Alkylene-functionality in bridged and fused nitrogen-rich poly-cyclic energetic materials: Synthesis, structural diversity and energetic properties

From the standpoint of chemical structures, the organic backbones of energetic materials can be classified into aromatic rings, nonaromatic rings, and open chains. Although the category of aromatic energetic compounds exhibits several advantages in the regulation of energetic properties, the nonaromatic heterocycles, assembling nitramino explosophores with simple alkyl bridges, still have prevailed in benchmark materials.
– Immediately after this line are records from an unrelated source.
(* Let $\mathcal{G}$ be a graph with persuadable nodes $1,\ldots,n$ and zealots $n+1,\ldots,n+m$ (with fixed zealot opinions), with at least one zealot ($m\ge 1$), and suppose the persuadable subgraph $\mathcal{G}_{\mathcal{P}}$ (the subgraph induced by the persuadable nodes) is connected. Fix $\delta\ge 0$. Let $\bar{\mathbf{x}}\in\mathbb{R}^n$ be the unique steady state (vector of persuadable opinions) of the SBCM with $\gamma=0$ on $\mathcal{G}$. Then there exist $\epsilon>0$ and a unique $C^1$ function $\mathbf{h}:[0,\epsilon)\to\mathbb{R}^n$ such that: (1) $\mathbf{h}(0)=\bar{\mathbf{x}}$; (2) for all $\gamma\in[0,\epsilon)$, the SBCM with parameter $\gamma$ has a unique steady state $\mathbf{x}_\gamma\in\mathbb{R}^n$, and $\mathbf{h}(\gamma)=\mathbf{x}_\gamma$; (3) for all $\gamma\in[0,\epsilon)$, the steady state $\mathbf{x}_\gamma$ is linearly stable.
   Context: Let $\mathcal{G}$ be a finite undirected unweighted graph without self-loops, with node set $\mathcal{N}$; write $i\sim j$ if nodes $i,j$ are adjacent. The nodes are partitioned into zealots $\mathcal{Z}$ and persuadable nodes $\mathcal{P}=\mathcal{N}\setminus\mathcal{Z}$. For $\gamma,\delta\ge 0$, the influence function is $w(x_i,x_j)=\frac{1}{1+e^{\gamma(x_i-x_j)^2-\gamma\delta}}$ if $i\sim j$ and $0$ otherwise. The SBCM is $\frac{dx_i}{dt}=f_i(\mathbf{x})=\frac{\sum_j w(x_i,x_j)(x_j-x_i)}{\sum_j w(x_i,x_j)}$ for $i\in\mathcal{P}$ and $\frac{dx_i}{dt}=0$ for $i\in\mathcal{Z}$, so zealot opinions stay fixed; a steady state is a vector of persuadable opinions making all $f_i$, $i\in\mathcal{P}$, vanish (zealot opinions held at their fixed values). A steady state is linearly stable if all eigenvalues of $\mathbf{J}_{\mathcal{P}}$, the matrix of partial derivatives $\partial f_i/\partial x_j$ with $i,j\in\mathcal{P}$ evaluated at the steady state, are strictly negative. *)

theory Defs
  imports "HOL-Analysis.Analysis"
begin
(* For all integers $n$ and $\alpha$ with $n<\alpha\le 2^{n-1}+1$, there exists a minimal $n$-state nondeterministic finite automaton accepting a prefix-free language whose equivalent minimal deterministic finite automaton has exactly $\alpha$ states. The same holds with "prefix-free" replaced by "suffix-free".
   Context: NFAs have a single initial state and a transition function $\delta:Q\times\Sigma\to 2^Q$ that may map to the empty set (no sink state is needed or counted); DFAs are complete, so a sink state is counted. A minimal $n$-state NFA is an NFA with $n$ states such that no NFA with fewer states accepts the same language. With $\Sigma^+=\Sigma^*\setminus\{\lambda\}$: $L$ is prefix-free if $y\in L$ implies $yz\notin L$ for all $z\in\Sigma^+$; suffix-free if $y\in L$ implies $xy\notin L$ for all $x\in\Sigma^+$. *)

theory Defs
  imports Main
begin

record 'a nfa =
  nstates :: "nat set"
  ninit :: nat
  ndelta :: "nat \<Rightarrow> 'a \<Rightarrow> nat set"
  nfinal :: "nat set"

record 'a dfa =
  dstates :: "nat set"
  dinit :: nat
  ddelta :: "nat \<Rightarrow> 'a \<Rightarrow> nat"
  dfinal :: "nat set"

text \<open>NFA: single initial state, transitions may be empty (no sink needed).\<close>
definition is_nfa :: "'a set \<Rightarrow> 'a nfa \<Rightarrow> bool" where
  "is_nfa Alph A \<longleftrightarrow> finite (nstates A) \<and> ninit A \<in> nstates A \<and>
     nfinal A \<subseteq> nstates A \<and>
     (\<forall>q\<in>nstates A. \<forall>a\<in>Alph. ndelta A q a \<subseteq> nstates A)"

fun nfa_reach :: "(nat \<Rightarrow> 'a \<Rightarrow> nat set) \<Rightarrow> nat set \<Rightarrow> 'a list \<Rightarrow> nat set" where
  "nfa_reach d S [] = S"
| "nfa_reach d S (a # w) = nfa_reach d (\<Union>q\<in>S. d q a) w"

definition nfa_lang :: "'a set \<Rightarrow> 'a nfa \<Rightarrow> 'a list set" where
  "nfa_lang Alph A = {w \<in> lists Alph. nfa_reach (ndelta A) {ninit A} w \<inter> nfinal A \<noteq> {}}"

text \<open>DFA: complete (every state has a transition on every letter), so a sink counts.\<close>
definition is_dfa :: "'a set \<Rightarrow> 'a dfa \<Rightarrow> bool" where
  "is_dfa Alph D \<longleftrightarrow> finite (dstates D) \<and> dinit D \<in> dstates D \<and>
     dfinal D \<subseteq> dstates D \<and>
     (\<forall>q\<in>dstates D. \<forall>a\<in>Alph. ddelta D q a \<in> dstates D)"

definition dfa_lang :: "'a set \<Rightarrow> 'a dfa \<Rightarrow> 'a list set" where
  "dfa_lang Alph D = {w \<in> lists Alph. foldl (ddelta D) (dinit D) w \<in> dfinal D}"

definition nfa_sc :: "'a set \<Rightarrow> 'a list set \<Rightarrow> nat" where
  "nfa_sc Alph L = (LEAST n. \<exists>A. is_nfa Alph A \<and> card (nstates A) = n \<and> nfa_lang Alph A = L)"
The methylene bridge plays a pivotal role in the constructions of the classic nonaromatic heterocycle-based energetic compounds, e.g., hexahydro-1,3,5-trinitro-1,3,5-triazine (RDX) and octahydro-1,3,5,7-tetranitro-1,3,5,7-tetrazocine (HMX), whereas ethylene bridge is the core moiety of state-of-the-art explosive 2,4,6,8,10,12-hexanitro-2,4,6,8,10,12-hexaazaisowurtzitane (CL-20). In this context, it is of great interest to employ simple and practical bridges to assemble aromatic and nonaromatic nitrogen-rich heterocycles, thereby expanding the structural diversity of energetic materials, e.g., bridged and fused nitrogen-rich poly-heterocycles. Furthermore, alkyl-bridged poly-heterocycles highlight the potential for the open chain type of energetic materials. In this review, the development of alkyl bridges in linking nitrogen-rich heterocycles is presented, and the perspective of the newly constructed energetic backbones is summarized for the future design of advanced energetic materials.